В каждой из посещаемых стран Бальмонт стремился отметить что-то свое, самобытное. В Южной Африке, например, он обратил внимание на пещерную живопись бушменов с первобытной символикой, которую нашел «до чрезвычайности близкой современному французскому импрессионизму» (очерк «Из южных далей»). В Новой Зеландии его поразило искусство народа маори — в строительстве резных домов-храмов, в создаваемых ими ладьях, в сложных узорах их татуировок. Особо увлекли поэта мифы маори и жителей Полинезийских островов о небе и земле, первом человеке, космогоническое понимание любви. Он записывал их предания, легенды, сказки, которые войдут в подготовленную, но, к сожалению, неизданную книгу «Океания».
Вообще Океания, образ жизни ее народов увлекли Бальмонта так же, как когда-то французского художника Поля Гогена, поселившегося в свое время на острове Таити. Два путевых очерка поэта о Полинезийских островах имеют емкие по смыслу названия: «Острова счастливых. Тонга», «Острова счастливых. Самоа».
Океания станет темой многочисленных литературных вечеров Бальмонта после возвращения на родину, во время поездок по России в 1914–1917 годах. Приведем для примера программу одного из вечеров, опубликованную в газете «Речь» 17 октября 1915 года:
«Океан — лик вечности и неистощимой жизни. Свежесть вечного возврата. Очарование Атлантики. От туманов снежного севера к солнцу Южной Африки. Предполярные области Южного Океана. Тасмания. Австралия. От Белоликих к Смуглоликим. Маорийское царство Новой Зеландии. Полинезия как острова счастливых.
Царство смеха, улыбок, красивых лиц. Тонга. Табу. Тишина Золотого Самоа. Остров Фиджи. Новая Гвинея — последний оплот красоты первобытности. Кристалл мгновения в оправе вечности».
Неверно думать, будто Бальмонт видел и отражал в очерках только красивое и счастливое. Как и в мексиканских зарисовках, он поднимал тему варварского вторжения цивилизации в жизнь аборигенов Тасмании, Австралии, Новой Гвинеи, других посещенных им стран. Симпатии поэта были на стороне этих народов и их самобытной культуры. Зато много нелестного высказано им в адрес колонизаторов-европейцев, особенно англичан.

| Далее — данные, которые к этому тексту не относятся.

(* Let $t>0$ and let $X\subseteq Z$ be finite subsets of $\mathbb{R}^D$. Then $\mathrm{Mag}(tZ)=\mathrm{Mag}(tX)$ if and only if $X$ and $Z$ are magnitude-equivalent at scale $t$.
   Context: For a finite set $A\subset\mathbb{R}^D$ and $t>0$, the matrix $\zeta_{tA}(x,y)=\exp(-t\|x-y\|)$ ($x,y\in A$) is invertible; $\mathbf{w}^t_A=\zeta_{tA}^{-1}\mathbb{1}$ is the weighting vector of $A$ at scale $t$ and $\mathrm{Mag}(tA)=\sum_{x\in A}\mathbf{w}^t_A(x)$. Finite $X,Y\subset\mathbb{R}^D$ are magnitude-equivalent at scale $t$ if $\{x\in X:\mathbf{w}^t_X(x)\neq0\}=\{y\in Y:\mathbf{w}^t_Y(y)\neq0\}$. *)

theory Defs
  imports "HOL-Analysis.Analysis"
begin

text \<open>Weighting vector of a finite set A at scale t: the unique function w, supported on A,
  with (zeta_tA w)(x) = 1 for all x in A, where zeta_tA(x,y) = exp(-t * norm(x - y)).
  (Uniqueness/existence is the invertibility of the similarity matrix.)\<close>
definition weighting :: "real \<Rightarrow> 'a::euclidean_space set \<Rightarrow> 'a \<Rightarrow> real" where
  "weighting t A = (THE w. (\<forall>x\<in>A. (\<Sum>y\<in>A. exp (- t * norm (x - y)) * w y) = 1)
                           \<and> (\<forall>x. x \<notin> A \<longrightarrow> w x = 0))"

definition Mag :: "real \<Rightarrow> 'a::euclidean_space set \<Rightarrow> real" where
  "Mag t A = (\<Sum>x\<in>A. weighting t A x)"

definition mag_equiv :: "real \<Rightarrow> 'a::euclidean_space set \<Rightarrow> 'a set \<Rightarrow> bool" where
  "mag_equiv t X Y \<longleftrightarrow> {x\<in>X. weighting t X x \<noteq> 0} = {y\<in>Y. weighting t Y y \<noteq> 0}"

end

theory Submission
  imports Defs "HOL-Probability.Distributions"
begin

text \<open>The Laplace kernel \<open>exp (- t \<bar>x - y\<bar>)\<close> is strictly positive definite on finite sets,
  being a superposition of Gaussian kernels. Hence weightings exist and are unique. For \<open>X \<subseteq> Z\<close> the
  difference \<open>d = w\<^sub>Z - w\<^sub>X\<close> of the weightings satisfies \<open>d\<^sup>T \<zeta>\<^sub>Z d = Mag(tZ) - Mag(tX)\<close>, so equal
  magnitudes force \<open>w\<^sub>Z = w\<^sub>X\<close>. Conversely, if \<open>w\<^sub>Z\<close> vanishes off \<open>X\<close> it solves the weighting
  equations of \<open>X\<close>, and uniqueness again gives \<open>w\<^sub>Z = w\<^sub>X\<close>.\<close>

section \<open>Positive definite kernels\<close>

definition quad_form :: "('a \<Rightarrow> 'a \<Rightarrow> real) \<Rightarrow> 'a set \<Rightarrow> ('a \<Rightarrow> real) \<Rightarrow> real" where
  "quad_form K A v = (\<Sum>x\<in>A. \<Sum>y\<in>A. v x * v y * K x y)"

definition positive_definite_on :: "'a set \<Rightarrow> ('a \<Rightarrow> 'a \<Rightarrow> real) \<Rightarrow> bool" where
  "positive_definite_on A K \<longleftrightarrow> (\<forall>v. (\<exists>x\<in>A. v x \<noteq> 0) \<longrightarrow> 0 < quad_form K A v)"

definition schur_complement :: "('a \<Rightarrow> 'a \<Rightarrow> real) \<Rightarrow> 'a \<Rightarrow> 'a \<Rightarrow> 'a \<Rightarrow> real" where
  "schur_complement K a x y = K x y - K x a * K a y / K a a"

lemma quad_form_eq_sum_mult: "quad_form K A v = (\<Sum>x\<in>A. v x * (\<Sum>y\<in>A. K x y * v y))"
  by (simp add: quad_form_def sum_distrib_left mult_ac)

lemma quad_form_cmult: "quad_form (\<lambda>x y. c * K x y) A v = c * quad_form K A v"
  by (simp add: quad_form_def sum_distrib_left mult_ac)

lemma quad_form_cong: "(\<And>x. x \<in> A \<Longrightarrow> u x = v x) \<Longrightarrow> quad_form K A u = quad_form K A v"
  by (simp add: quad_form_def)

Конечной целью путешествия стала Индия, страна древней мудрости, куда он давно стремился, о которой много читал и специально изучал санскрит. С Индией, можно сказать, он не расставался все время пути, так как работал над переводом поэмы Ашвагхоши (в транскрипции Бальмонта — Асвагоша) «Жизнь Будды». Во время путешествия он случайно познакомился с переводом грузинской поэмы Руставели «Витязь в тигровой шкуре» на английский язык и тут же загорелся желанием переложить ее стихами на русский язык (чем вскоре и станет заниматься в течение ряда лет).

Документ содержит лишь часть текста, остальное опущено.